Я – жертва русской литературы. Беседу вела Т. Бек

– Вы – польский писатель. Как случилось, что в вашем творчестве столь значительное место занимает русская тема?

– Я, знаете, жертва русской литературы. Дело в том, что я жил в Западной Белоруссии, – до войны это была Польша, – и осенью 39-го года, когда туда вошла Красная Армия, действительность для меня как бы раздвоилась. С одной стороны, было то, что было и о чем уже с тех пор достаточно сказано, а с другой стороны, были русские песни, русские стихи, русские фильмы – и их пафос меня захватывал. Это имело мало общего с тем, что происходило на самом деле, но я в большой степени жил именно в этом. Например, в стихах Маяковского. Я тогда с ними познакомился – до сих пор я такой поэзии не знал, и она меня покорила. Можно сказать, что в какой-то мере я больше доверял поэзии, чем реальной жизни. Потом пришли немцы, а через три года немцы ушли – вернулись русские. Но как раз во время немецкой оккупации я перечитал громадное количество русской классики.

– Кого, если помните?

– Дело в том, что, когда в июне 41-го года русские ушли и пришли немцы, на дворе осталась брошенной куча русских книг. Я их подбирал. И там были, в частности, старые дореволюционные издания, приложения к «Ниве»: Гончаров, Короленко, Леонид Андреев, Куприн, Тургенев, конечно… А затем, в один прекрасный день весной 45-го года, мы с семьей сели в поезд, так как мой город остался на советской стороне, и поехали в Польшу. Тогда я уже и сам писал стихи…

– В какой традиции вы начали писать?

– Естественно, в традиции Маяковского. Вместе с его революционной утопией я взял его внешнюю сторону, стал писать лесенкой и вообще в первые годы после войны был рьяным пропагандистом этой поэтики. Это было очень наивно. Впрочем, еще несколько человек из моего поколения также стали подражать Маяковскому.

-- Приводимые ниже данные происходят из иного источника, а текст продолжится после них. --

lemma munitary_orthonormal:
  assumes "munitary n W"
  shows "orthonormal_columns n W" "orthonormal_rows n W"
proof -
  have cols: "mmul n (mstar W) W a b = mone n a b" and rows: "mmul n W (mstar W) a b = mone n a b"
    for a b using assms by (auto simp: munitary_def)
  show "orthonormal_columns n W" unfolding orthonormal_columns_def
  proof (intro allI impI)
    fix a b assume "a < n" "b < n"
    then show "(\<Sum>r<n. cstar (W r a) * W r b) = (if a = b then 1 else 0)"
      using cols[of a b] by (simp add: mmul_def mstar_def mone_def)
  qed
  show "orthonormal_rows n W" unfolding orthonormal_rows_def
  proof (intro allI impI)
    fix r s assume "r < n" "s < n"
    then show "(\<Sum>c<n. W r c * cstar (W s c)) = (if r = s then 1 else 0)"
      using rows[of r s] by (simp add: mmul_def mstar_def mone_def)
  qed
qed

definition diag_proj :: "(nat \<Rightarrow> bool) \<Rightarrow> nat \<Rightarrow> nat \<Rightarrow> 'a::cstar_algebra" where
  "diag_proj S = (\<lambda>i j. if i = j \<and> S i then 1 else 0)"

lemma mmul_diag_proj_right:
  "mmul n M (diag_proj S) i j = (if i < n \<and> j < n \<and> S j then M i j else 0)"
proof (cases "i < n \<and> j < n")
  case True
  have "mmul n M (diag_proj S) i j = (\<Sum>l<n. M i l * diag_proj S l j)" using True by (simp add: mmul_def)
  also have "\<dots> = (\<Sum>l<n. if l = j then (if S j then M i j else 0) else 0)"
    by (rule sum.cong) (auto simp: diag_proj_def)
  finally show ?thesis using True by simp
qed (auto simp: mmul_def)

lemma mstar_diag_proj: "mstar (diag_proj S) = (diag_proj S :: nat \<Rightarrow> nat \<Rightarrow> 'a::cstar_algebra)"
  by (intro ext) (auto simp: mstar_def diag_proj_def)

lemma mmul_diag_proj: "mmul n (diag_proj S) (diag_proj T) = diag_proj (\<lambda>i. i < n \<and> S i \<and> T i)"
  by (intro ext) (simp add: mmul_diag_proj_right, auto simp: diag_proj_def)

lemma sum_lessThan_add: "(\<Sum>j<(m::nat) + k. f j) = (\<Sum>j<m. f j) + (\<Sum>c<k. f (m + c))"
  by (induction k) (simp_all add: add.assoc)

lemma sum_truncate:
  assumes "m \<le> (n::nat)" "\<And>l. l < m \<Longrightarrow> f l = g l" "\<And>l. m \<le> l \<Longrightarrow> l < n \<Longrightarrow> f l = 0"
  shows "sum f {..<n} = sum g {..<m}"
proof -
  have "sum f {..<n} = sum f {..<m}"
    by (rule sum.mono_neutral_right) (use assms not_less in auto)
  also have "\<dots> = sum g {..<m}" using assms(2) by simp
  finally show ?thesis .
qed

lemma sum_sandwich: "(\<Sum>r\<in>A. a * f r * b) = a * sum f A * (b::'a::ring)"
  by (simp add: sum_distrib_left sum_distrib_right)

section \<open>Loops and the circle\<close>

lemma loop_on_circle:
  fixes g :: "real \<Rightarrow> 'b::real_normed_vector"
  assumes "continuous_on {0..1} g" "g 0 = g 1"
  shows "continuous_on (sphere 0 1) (\<lambda>z. g (Arg2pi z / (2*pi)))"
proof -
  have "homotopic_loops UNIV g g"
    using assms by (simp add: homotopic_loops_refl path_def pathfinish_def pathstart_def)
  from homotopic_loops_imp_homotopic_circlemaps[OF this]
  show ?thesis using homotopic_with_imp_continuous by (auto simp: o_def)
qed

lemma Arg2pi_circle_param:
  assumes "0 \<le> t" "t \<le> (1::real)"
  shows "Arg2pi (exp (2 * of_real pi * of_real t * \<i>)) / (2*pi) = (if t = 1 then 0 else t)"
proof (cases "t = 1")
  case True
  have "exp (2 * of_real pi * \<i>) = (1::complex)"
    by (metis exp_two_pi_i mult.commute)
  then show ?thesis using True by (simp add: Arg2pi_eq_0)
next
  case False
  have "Arg2pi (exp (2 * of_real pi * of_real t * \<i>)) = 2 * pi * t"
    by (subst Arg2pi_exp) (use assms False in auto)
  then show ?thesis using False by simp
qed

definition on_circle :: "(complex \<Rightarrow> nat \<Rightarrow> nat \<Rightarrow> 'a::cstar_algebra) \<Rightarrow> complex \<Rightarrow> nat \<Rightarrow> nat \<Rightarrow> 'a" where
  "on_circle F = (\<lambda>z. if z \<in> sphere 0 1 then F z else (\<lambda>i j. 0))"

lemma ctmul_on_circle: "ctmul n (on_circle F) (on_circle G) = on_circle (\<lambda>z. mmul n (F z) (G z))"
  by (intro ext) (auto simp: ctmul_def on_circle_def mmul_def)

lemma ctstar_on_circle: "ctstar (on_circle F) = on_circle (\<lambda>z. mstar (F z))"
  by (intro ext) (auto simp: ctstar_def on_circle_def mstar_def)

lemma ctadd_on_circle: "ctadd (on_circle F) (on_circle G) = on_circle (\<lambda>z. madd (F z) (G z))"
  by (intro ext) (auto simp: ctadd_def on_circle_def madd_def)

lemma on_circle_zero: "on_circle (\<lambda>z i j. 0) = ctzero"
  by (intro ext) (auto simp: on_circle_def ctzero_def)

lemma on_circle_ctmat:
  assumes "\<And>i j. continuous_on (sphere 0 1) (\<lambda>z. F z i j)" "\<And>z. F z \<in> mat n"
  shows "on_circle F \<in> ctmat n"
  unfolding ctmat_def
proof (intro CollectI conjI allI impI)
  show "continuous_on (sphere 0 1) (\<lambda>z. on_circle F z i j)" for i j
    using assms(1)[of i j] by (rule continuous_on_eq) (auto simp: on_circle_def)
  show "on_circle F z \<in> mat n" for z
    using assms(2)[of z] by (auto simp: on_circle_def mat_def)
qed (simp add: on_circle_def)

section \<open>The projections and the partial isometry of the construction\<close>

text \<open>Throughout, W is a unitary of M_{k+1}(A) and all matrices live in
  M_{2k+1}(A). The projection W e_00 W* onto the first column of W:\<close>

definition col_proj :: "nat \<Rightarrow> (nat \<Rightarrow> nat \<Rightarrow> 'a::cstar_algebra) \<Rightarrow> nat \<Rightarrow> nat \<Rightarrow> 'a" where
  "col_proj k W = (\<lambda>i j. if i < Suc k \<and> j < Suc k then W i 0 * cstar (W j 0) else 0)"

definition corner_proj :: "nat \<Rightarrow> nat \<Rightarrow> 'a::cstar_algebra" where
  "corner_proj = diag_proj (\<lambda>i. i = 0)"

definition tail_proj :: "nat \<Rightarrow> nat \<Rightarrow> nat \<Rightarrow> 'a::cstar_algebra" where
  "tail_proj k = diag_proj (\<lambda>i. Suc k \<le> i \<and> i < Suc k + k)"

text \<open>The partial isometry V = intertwiner k W with V* V = col_proj + tail_proj and
  V V* = corner_proj + tail_proj.  Writing w_1, ..., w_k for the columns 1..k of W,
  isometry_row k W r is row r of the (k+1) x (2k+1) block matrix
  [W e_00 W* | w_1 ... w_k]; V places these rows at the positions
  row_slot k r = 0, k+1, ..., 2k (r = 0, ..., k) and is zero elsewhere.\<close>

definition row_slot :: "nat \<Rightarrow> nat \<Rightarrow> nat" where
  "row_slot k r = (if r = 0 then 0 else r + k)"

definition isometry_row :: "nat \<Rightarrow> (nat \<Rightarrow> nat \<Rightarrow> 'a::cstar_algebra) \<Rightarrow> nat \<Rightarrow> nat \<Rightarrow> 'a" where
  "isometry_row k W r j = (if j < Suc k then W r 0 * cstar (W j 0) else W r (j - k))"

definition intertwiner :: "nat \<Rightarrow> (nat \<Rightarrow> nat \<Rightarrow> 'a::cstar_algebra) \<Rightarrow> nat \<Rightarrow> nat \<Rightarrow> 'a" where
  "intertwiner k W = (\<lambda>i j. if j < Suc k + k \<and> (i = 0 \<or> (Suc k \<le> i \<and> i < Suc k + k))
                           then isometry_row k W (if i = 0 then 0 else i - k) j else 0)"

lemma intertwiner_row_slot:
  "r < Suc k \<Longrightarrow> intertwiner k W (row_slot k r) j = (if j < Suc k + k then isometry_row k W r j else 0)"
  by (auto simp: intertwiner_def row_slot_def)

lemma intertwiner_gap: "i \<noteq> 0 \<Longrightarrow> i < Suc k \<Longrightarrow> intertwiner k W i j = 0"
  by (auto simp: intertwiner_def)

lemma row_slot_cases:
  assumes "i < Suc k + k" "\<not> (i \<noteq> 0 \<and> i < Suc k)"
  shows "\<exists>r<Suc k. i = row_slot k r"
proof (cases "i = 0")
  case True
  then show ?thesis by (intro exI[of _ 0]) (simp add: row_slot_def)
next
  case False
  with assms show ?thesis by (intro exI[of _ "i - k"]) (auto simp: row_slot_def)
qed

lemma sum_row_slots:
  assumes "\<And>i. i \<noteq> 0 \<Longrightarrow> i < Suc k \<Longrightarrow> f i = 0"
  shows "(\<Sum>i<Suc k + k. f i) = (\<Sum>r<Suc k. f (row_slot k r))"
proof -
  have inj: "inj_on (row_slot k) {..<Suc k}" by (auto simp: row_slot_def inj_on_def split: if_splits)
  have "(\<Sum>i<Suc k + k. f i) = (\<Sum>i\<in>row_slot k ` {..<Suc k}. f i)"
  proof (rule sum.mono_neutral_right)
    show "\<forall>i\<in>{..<Suc k + k} - row_slot k ` {..<Suc k}. f i = 0"
      using row_slot_cases assms by blast
  qed (auto simp: row_slot_def)
  also have "\<dots> = (\<Sum>r<Suc k. f (row_slot k r))" by (rule sum.reindex[OF inj, unfolded o_def])
  finally show ?thesis .
qed

lemma col_proj_mat: "col_proj k W \<in> mat (Suc k + k)"
  by (auto simp: mat_def col_proj_def)

lemma corner_proj_mat: "(corner_proj :: nat \<Rightarrow> nat \<Rightarrow> 'a::cstar_algebra) \<in> mat (Suc k + k)"
  by (auto simp: mat_def corner_proj_def diag_proj_def)

lemma tail_proj_mat: "(tail_proj k :: nat \<Rightarrow> nat \<Rightarrow> 'a::cstar_algebra) \<in> mat (Suc k + k)"
  by (auto simp: mat_def tail_proj_def diag_proj_def)

lemma intertwiner_mat: "intertwiner k W \<in> mat (Suc k + k)"
  by (auto simp: mat_def intertwiner_def)

lemma col_proj_star: "mstar (col_proj k W) = col_proj k W"
  by (intro ext) (auto simp: mstar_def col_proj_def cstar_mult cstar_cstar)

lemma corner_proj_star: "mstar corner_proj = (corner_proj :: nat \<Rightarrow> nat \<Rightarrow> 'a::cstar_algebra)"
  by (simp add: corner_proj_def mstar_diag_proj)

lemma tail_proj_star: "mstar (tail_proj k) = (tail_proj k :: nat \<Rightarrow> nat \<Rightarrow> 'a::cstar_algebra)"
  by (simp add: tail_proj_def mstar_diag_proj)

lemma col_proj_idem:
  assumes col: "orthonormal_columns (Suc k) W"
  shows "mmul (Suc k + k) (col_proj k W) (col_proj k W) = col_proj k W"
proof (intro ext)
  fix i j
  show "mmul (Suc k + k) (col_proj k W) (col_proj k W) i j = col_proj k W i j"
  proof (cases "i < Suc k \<and> j < Suc k")
    case True
    have "mmul (Suc k + k) (col_proj k W) (col_proj k W) i j
          = (\<Sum>l<Suc k + k. col_proj k W i l * col_proj k W l j)"
      using True by (simp add: mmul_def)
    also have "\<dots> = (\<Sum>l<Suc k. W i 0 * cstar (W l 0) * W l 0 * cstar (W j 0))"
      by (rule sum_truncate) (auto simp: col_proj_def True mult.assoc)
    also have "\<dots> = W i 0 * (\<Sum>l<Suc k. cstar (W l 0) * W l 0) * cstar (W j 0)"
      unfolding sum_sandwich[symmetric] by (simp add: mult.assoc)
    also have "\<dots> = col_proj k W i j"
      using col True by (simp add: orthonormal_columns_def col_proj_def)
    finally show ?thesis .
  qed (auto simp: mmul_def col_proj_def)
qed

Первое стихотворение я напечатал перед самым концом войны. В городе Лодзи я его занес в одну газету – и на следующий день меня напечатали. Стихотворение было написано именно «по-маяковски». Меня в такой манере утверждало и то, что я воспринимал это как борьбу поколений; старым поэтам (ну, каким старым – тридцати – сорока лет) то, что я и мои сверстники делали, очень не нравилось, они считали нас варварами, а мы писали им назло. Они были культурные, деликатные, а мы отрицали их культуру и верили, что, строя «новый, прекрасный мир», надо быть грубыми, прямолинейными.

Я в Лодзи кончил школу, получил аттестат зрелости и по настоянию моего отца, врача, поступил на медицинский факультет. Проучился там один год. Вскоре отец умер. Я медицину бросил, пошел учиться на филологический, стал больше писать и печататься. Следует сказать, что во время войны ряд очень талантливых поэтов всего на несколько лет старше моего поколения преждевременно погибли – например, Бачинский, просто великий поэт: он погиб лет двадцати трех в Варшавском восстании, так же, как Гайцы и другие. Образовалось как бы пустое место.

Я и мои друзья были и в поэтическом, и в жизненном отношении менее зрелыми; чем те, которые погибли, – но мы это место заняли. Нас заметили.

– Как называлась ваша первая книга?

– Мой первый сборник стихов назывался «Смерти нет».

– Только очень молодой человек может назвать книгу так.

– Конечно. Мне действительно представлялось, что в сравнении с великими идеями преобразования мира смерть – это пустяки, что ее можно преодолеть… В ту пору я понемножку стал переводить русскую поэзию.

– Кого?

– Например, Кирсанова.

– Это та же линия Маяковского, но измельченного.

– Мне тогда казалось, что та же. Переводил еще Межирова, Гудзенко…

– Знаю, что в 1952 году вы оказались в Москве, в аспирантуре нашего Литературного института. Как это произошло?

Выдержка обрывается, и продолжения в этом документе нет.